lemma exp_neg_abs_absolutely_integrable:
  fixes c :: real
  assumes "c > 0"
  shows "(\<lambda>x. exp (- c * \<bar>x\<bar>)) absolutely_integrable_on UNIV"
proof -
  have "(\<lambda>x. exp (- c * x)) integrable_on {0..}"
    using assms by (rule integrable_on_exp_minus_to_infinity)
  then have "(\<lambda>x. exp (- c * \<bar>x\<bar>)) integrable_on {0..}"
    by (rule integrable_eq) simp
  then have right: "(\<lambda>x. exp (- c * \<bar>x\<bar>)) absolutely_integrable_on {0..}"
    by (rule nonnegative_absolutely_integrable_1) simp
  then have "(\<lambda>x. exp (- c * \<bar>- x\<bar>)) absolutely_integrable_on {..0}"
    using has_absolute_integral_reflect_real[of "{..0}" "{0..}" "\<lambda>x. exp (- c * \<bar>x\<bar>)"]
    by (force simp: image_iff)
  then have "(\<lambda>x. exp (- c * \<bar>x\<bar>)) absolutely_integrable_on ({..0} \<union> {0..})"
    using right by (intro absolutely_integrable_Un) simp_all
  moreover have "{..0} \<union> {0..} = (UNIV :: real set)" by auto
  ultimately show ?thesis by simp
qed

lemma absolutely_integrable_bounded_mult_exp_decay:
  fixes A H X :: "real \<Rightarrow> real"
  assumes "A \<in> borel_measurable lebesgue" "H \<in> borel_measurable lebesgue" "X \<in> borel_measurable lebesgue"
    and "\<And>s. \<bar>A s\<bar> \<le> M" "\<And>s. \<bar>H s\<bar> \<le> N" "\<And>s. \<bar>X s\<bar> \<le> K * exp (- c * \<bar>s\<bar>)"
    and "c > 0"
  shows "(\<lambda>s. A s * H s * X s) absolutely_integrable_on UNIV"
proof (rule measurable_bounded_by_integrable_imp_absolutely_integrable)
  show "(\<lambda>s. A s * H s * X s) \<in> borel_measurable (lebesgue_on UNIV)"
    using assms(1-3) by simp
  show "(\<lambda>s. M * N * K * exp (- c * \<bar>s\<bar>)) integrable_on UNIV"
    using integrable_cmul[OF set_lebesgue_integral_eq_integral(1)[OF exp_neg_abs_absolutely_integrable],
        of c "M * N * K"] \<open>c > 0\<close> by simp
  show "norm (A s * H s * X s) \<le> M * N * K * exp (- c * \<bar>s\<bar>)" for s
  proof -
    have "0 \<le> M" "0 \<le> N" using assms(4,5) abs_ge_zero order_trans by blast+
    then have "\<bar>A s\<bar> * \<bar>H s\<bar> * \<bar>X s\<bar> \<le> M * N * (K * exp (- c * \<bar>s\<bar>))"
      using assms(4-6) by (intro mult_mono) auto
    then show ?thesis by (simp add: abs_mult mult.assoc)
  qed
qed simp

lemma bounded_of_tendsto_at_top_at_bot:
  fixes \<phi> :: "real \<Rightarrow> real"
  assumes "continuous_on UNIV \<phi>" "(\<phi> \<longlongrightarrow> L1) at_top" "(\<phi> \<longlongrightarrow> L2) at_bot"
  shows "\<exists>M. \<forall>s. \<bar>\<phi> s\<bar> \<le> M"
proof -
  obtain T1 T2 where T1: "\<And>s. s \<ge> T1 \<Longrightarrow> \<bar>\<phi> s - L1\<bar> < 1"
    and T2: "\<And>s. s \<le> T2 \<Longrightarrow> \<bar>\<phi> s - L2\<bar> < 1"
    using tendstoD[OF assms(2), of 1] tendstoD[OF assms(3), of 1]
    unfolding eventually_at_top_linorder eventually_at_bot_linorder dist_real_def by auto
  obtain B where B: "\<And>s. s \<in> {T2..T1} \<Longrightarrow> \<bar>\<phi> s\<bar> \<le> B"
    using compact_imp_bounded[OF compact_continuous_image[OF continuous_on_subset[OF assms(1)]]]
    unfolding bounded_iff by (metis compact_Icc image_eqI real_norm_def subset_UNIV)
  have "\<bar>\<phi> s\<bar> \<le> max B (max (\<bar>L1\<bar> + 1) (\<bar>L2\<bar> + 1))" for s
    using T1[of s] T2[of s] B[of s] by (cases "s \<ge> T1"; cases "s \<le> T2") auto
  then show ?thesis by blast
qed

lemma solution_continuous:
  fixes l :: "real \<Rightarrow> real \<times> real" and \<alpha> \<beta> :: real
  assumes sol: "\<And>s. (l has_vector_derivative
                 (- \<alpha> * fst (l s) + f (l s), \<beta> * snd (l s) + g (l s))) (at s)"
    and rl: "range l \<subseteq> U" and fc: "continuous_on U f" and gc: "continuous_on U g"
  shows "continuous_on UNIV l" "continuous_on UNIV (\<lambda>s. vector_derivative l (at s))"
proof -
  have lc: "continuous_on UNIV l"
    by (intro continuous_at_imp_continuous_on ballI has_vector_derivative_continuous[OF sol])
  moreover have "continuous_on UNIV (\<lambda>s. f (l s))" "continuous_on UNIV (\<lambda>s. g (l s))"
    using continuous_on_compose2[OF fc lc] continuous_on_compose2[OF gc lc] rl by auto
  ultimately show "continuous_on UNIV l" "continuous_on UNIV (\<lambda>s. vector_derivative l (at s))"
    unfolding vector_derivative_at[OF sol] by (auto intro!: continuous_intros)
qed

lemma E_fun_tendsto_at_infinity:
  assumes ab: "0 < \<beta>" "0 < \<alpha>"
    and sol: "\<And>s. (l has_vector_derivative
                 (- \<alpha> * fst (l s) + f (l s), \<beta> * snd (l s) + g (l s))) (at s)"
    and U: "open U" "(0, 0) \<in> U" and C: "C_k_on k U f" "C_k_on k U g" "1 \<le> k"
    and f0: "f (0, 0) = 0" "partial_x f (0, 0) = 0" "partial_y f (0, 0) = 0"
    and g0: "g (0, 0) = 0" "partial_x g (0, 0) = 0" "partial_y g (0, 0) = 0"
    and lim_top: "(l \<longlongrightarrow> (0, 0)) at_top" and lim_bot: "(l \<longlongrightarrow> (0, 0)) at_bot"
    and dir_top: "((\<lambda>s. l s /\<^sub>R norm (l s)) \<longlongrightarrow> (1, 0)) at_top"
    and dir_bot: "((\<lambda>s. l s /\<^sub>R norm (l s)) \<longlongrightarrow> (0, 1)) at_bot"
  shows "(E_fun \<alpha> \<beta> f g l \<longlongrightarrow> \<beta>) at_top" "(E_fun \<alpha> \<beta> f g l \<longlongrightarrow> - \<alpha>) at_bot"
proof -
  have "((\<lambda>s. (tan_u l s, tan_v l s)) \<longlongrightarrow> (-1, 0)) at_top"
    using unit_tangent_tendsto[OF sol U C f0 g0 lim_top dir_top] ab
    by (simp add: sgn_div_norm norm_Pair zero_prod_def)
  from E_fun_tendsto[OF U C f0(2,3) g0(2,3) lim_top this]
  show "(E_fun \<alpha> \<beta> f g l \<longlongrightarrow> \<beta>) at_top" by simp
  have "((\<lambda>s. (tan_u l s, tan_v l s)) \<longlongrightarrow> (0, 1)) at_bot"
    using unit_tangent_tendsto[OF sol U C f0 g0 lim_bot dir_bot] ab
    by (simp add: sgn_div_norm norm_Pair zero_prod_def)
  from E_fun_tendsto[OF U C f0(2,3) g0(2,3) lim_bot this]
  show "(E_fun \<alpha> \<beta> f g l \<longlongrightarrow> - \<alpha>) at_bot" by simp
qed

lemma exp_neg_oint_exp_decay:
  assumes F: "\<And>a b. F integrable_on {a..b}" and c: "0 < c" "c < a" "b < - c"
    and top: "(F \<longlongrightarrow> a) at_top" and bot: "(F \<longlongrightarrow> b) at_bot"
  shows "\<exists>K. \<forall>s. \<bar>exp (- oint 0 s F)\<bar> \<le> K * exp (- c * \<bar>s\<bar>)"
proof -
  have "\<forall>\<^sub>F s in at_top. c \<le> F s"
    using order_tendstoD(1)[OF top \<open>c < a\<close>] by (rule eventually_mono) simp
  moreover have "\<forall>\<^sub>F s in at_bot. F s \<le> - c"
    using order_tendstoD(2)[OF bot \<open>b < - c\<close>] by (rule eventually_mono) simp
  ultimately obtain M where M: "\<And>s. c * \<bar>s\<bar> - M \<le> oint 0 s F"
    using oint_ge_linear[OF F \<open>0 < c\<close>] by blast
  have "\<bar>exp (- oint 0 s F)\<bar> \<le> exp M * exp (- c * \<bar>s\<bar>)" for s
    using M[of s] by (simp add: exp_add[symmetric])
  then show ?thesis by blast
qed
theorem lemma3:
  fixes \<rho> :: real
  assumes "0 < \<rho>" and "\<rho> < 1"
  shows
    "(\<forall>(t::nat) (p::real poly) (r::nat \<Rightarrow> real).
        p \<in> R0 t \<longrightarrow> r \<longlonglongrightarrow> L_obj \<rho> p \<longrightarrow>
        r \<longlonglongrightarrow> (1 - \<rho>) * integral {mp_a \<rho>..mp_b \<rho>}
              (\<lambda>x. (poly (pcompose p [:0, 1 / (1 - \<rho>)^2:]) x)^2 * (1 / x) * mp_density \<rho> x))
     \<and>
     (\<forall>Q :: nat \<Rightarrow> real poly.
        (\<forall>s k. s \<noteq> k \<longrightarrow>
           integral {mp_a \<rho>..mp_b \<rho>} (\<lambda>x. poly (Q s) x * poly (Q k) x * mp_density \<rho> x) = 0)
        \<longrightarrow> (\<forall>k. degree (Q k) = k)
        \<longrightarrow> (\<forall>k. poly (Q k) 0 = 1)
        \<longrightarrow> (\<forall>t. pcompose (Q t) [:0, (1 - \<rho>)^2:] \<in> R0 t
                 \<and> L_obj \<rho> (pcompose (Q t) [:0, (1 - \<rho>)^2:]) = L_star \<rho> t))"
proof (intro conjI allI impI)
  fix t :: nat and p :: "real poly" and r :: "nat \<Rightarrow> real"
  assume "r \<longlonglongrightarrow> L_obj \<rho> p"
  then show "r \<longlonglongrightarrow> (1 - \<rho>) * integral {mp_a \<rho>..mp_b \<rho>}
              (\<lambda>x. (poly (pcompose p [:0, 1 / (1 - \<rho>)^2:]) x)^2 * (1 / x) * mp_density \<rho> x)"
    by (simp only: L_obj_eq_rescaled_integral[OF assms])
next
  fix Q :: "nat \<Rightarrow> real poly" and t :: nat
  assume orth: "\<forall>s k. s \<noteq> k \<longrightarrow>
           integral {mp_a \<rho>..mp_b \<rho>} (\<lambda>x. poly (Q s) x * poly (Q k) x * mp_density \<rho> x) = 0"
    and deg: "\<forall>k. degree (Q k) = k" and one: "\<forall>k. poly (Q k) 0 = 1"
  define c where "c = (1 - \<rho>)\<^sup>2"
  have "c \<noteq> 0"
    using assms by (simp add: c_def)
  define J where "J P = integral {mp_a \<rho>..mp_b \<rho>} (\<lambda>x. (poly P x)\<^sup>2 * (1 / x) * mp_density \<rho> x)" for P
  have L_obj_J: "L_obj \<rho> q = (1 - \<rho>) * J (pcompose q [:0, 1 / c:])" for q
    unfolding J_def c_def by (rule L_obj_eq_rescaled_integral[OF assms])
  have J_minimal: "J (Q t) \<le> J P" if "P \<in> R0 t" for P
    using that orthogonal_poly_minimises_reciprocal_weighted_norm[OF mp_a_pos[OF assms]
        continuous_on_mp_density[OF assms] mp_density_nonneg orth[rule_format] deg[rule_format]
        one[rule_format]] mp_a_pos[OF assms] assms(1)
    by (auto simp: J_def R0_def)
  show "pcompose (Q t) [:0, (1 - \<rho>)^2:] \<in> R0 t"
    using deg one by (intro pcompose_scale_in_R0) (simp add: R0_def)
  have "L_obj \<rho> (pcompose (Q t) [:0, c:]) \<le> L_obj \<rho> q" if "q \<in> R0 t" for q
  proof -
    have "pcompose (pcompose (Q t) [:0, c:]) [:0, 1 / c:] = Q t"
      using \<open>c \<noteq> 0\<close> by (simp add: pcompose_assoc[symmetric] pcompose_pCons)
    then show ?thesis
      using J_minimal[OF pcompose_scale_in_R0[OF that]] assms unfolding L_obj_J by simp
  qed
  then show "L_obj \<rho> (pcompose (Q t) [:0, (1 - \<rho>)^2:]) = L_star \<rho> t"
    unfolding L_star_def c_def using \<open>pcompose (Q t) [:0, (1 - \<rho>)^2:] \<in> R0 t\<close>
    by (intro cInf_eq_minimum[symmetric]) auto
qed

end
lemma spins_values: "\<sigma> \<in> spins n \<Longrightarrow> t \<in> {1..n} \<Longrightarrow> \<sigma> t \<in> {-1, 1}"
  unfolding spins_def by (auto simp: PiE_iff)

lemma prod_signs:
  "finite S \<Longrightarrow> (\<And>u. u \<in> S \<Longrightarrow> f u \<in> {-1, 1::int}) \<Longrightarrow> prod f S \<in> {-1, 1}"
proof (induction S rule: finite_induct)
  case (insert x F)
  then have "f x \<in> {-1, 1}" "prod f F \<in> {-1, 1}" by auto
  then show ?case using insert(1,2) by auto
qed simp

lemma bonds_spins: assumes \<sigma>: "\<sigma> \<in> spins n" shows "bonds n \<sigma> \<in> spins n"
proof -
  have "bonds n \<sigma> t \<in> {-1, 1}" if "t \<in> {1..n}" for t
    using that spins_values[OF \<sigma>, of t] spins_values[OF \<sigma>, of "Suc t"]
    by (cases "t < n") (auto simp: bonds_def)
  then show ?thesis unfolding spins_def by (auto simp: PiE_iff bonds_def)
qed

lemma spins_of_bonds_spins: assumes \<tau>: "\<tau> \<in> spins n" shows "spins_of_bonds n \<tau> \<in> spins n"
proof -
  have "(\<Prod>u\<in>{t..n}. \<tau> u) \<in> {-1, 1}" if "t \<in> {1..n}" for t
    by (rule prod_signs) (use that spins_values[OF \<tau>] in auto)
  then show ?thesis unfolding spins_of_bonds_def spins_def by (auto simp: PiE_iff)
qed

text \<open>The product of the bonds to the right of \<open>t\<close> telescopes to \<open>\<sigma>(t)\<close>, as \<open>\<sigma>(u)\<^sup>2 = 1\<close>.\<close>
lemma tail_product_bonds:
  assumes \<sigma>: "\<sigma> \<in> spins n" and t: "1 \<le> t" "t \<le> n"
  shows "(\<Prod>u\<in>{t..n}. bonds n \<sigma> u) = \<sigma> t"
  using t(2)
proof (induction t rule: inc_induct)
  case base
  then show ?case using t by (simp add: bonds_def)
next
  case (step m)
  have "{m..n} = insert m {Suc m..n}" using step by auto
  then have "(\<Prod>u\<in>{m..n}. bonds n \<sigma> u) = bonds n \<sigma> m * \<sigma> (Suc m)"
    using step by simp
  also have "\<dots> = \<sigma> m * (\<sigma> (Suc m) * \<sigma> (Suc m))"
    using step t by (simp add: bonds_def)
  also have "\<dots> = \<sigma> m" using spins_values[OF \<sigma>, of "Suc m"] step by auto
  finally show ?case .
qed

----

* [Work to complete]: Each line that contains the string "alpha" should be copied from the data above.

* [Completed exercise]:
  fixes l :: "real \<Rightarrow> real \<times> real" and \<alpha> \<beta> :: real
                 (- \<alpha> * fst (l s) + f (l s), \<beta> * snd (l s) + g (l s))) (at s)"
  assumes ab: "0 < \<beta>" "0 < \<alpha>"
                 (- \<alpha> * fst (l s) + f (l s), \<beta> * snd (l s) + g (l s))) (at s)"
  shows "(E_fun \<alpha> \<beta> f g l \<longlongrightarrow> \<beta>) at_top" "(E_fun \<alpha> \<beta> f g l \<longlongrightarrow> - \<alpha>) at_bot"
  show "(E_fun \<alpha> \<beta> f g l \<longlongrightarrow> \<beta>) at_top" by simp
  show "(E_fun \<alpha> \<beta> f g l \<longlongrightarrow> - \<alpha>) at_bot" by simp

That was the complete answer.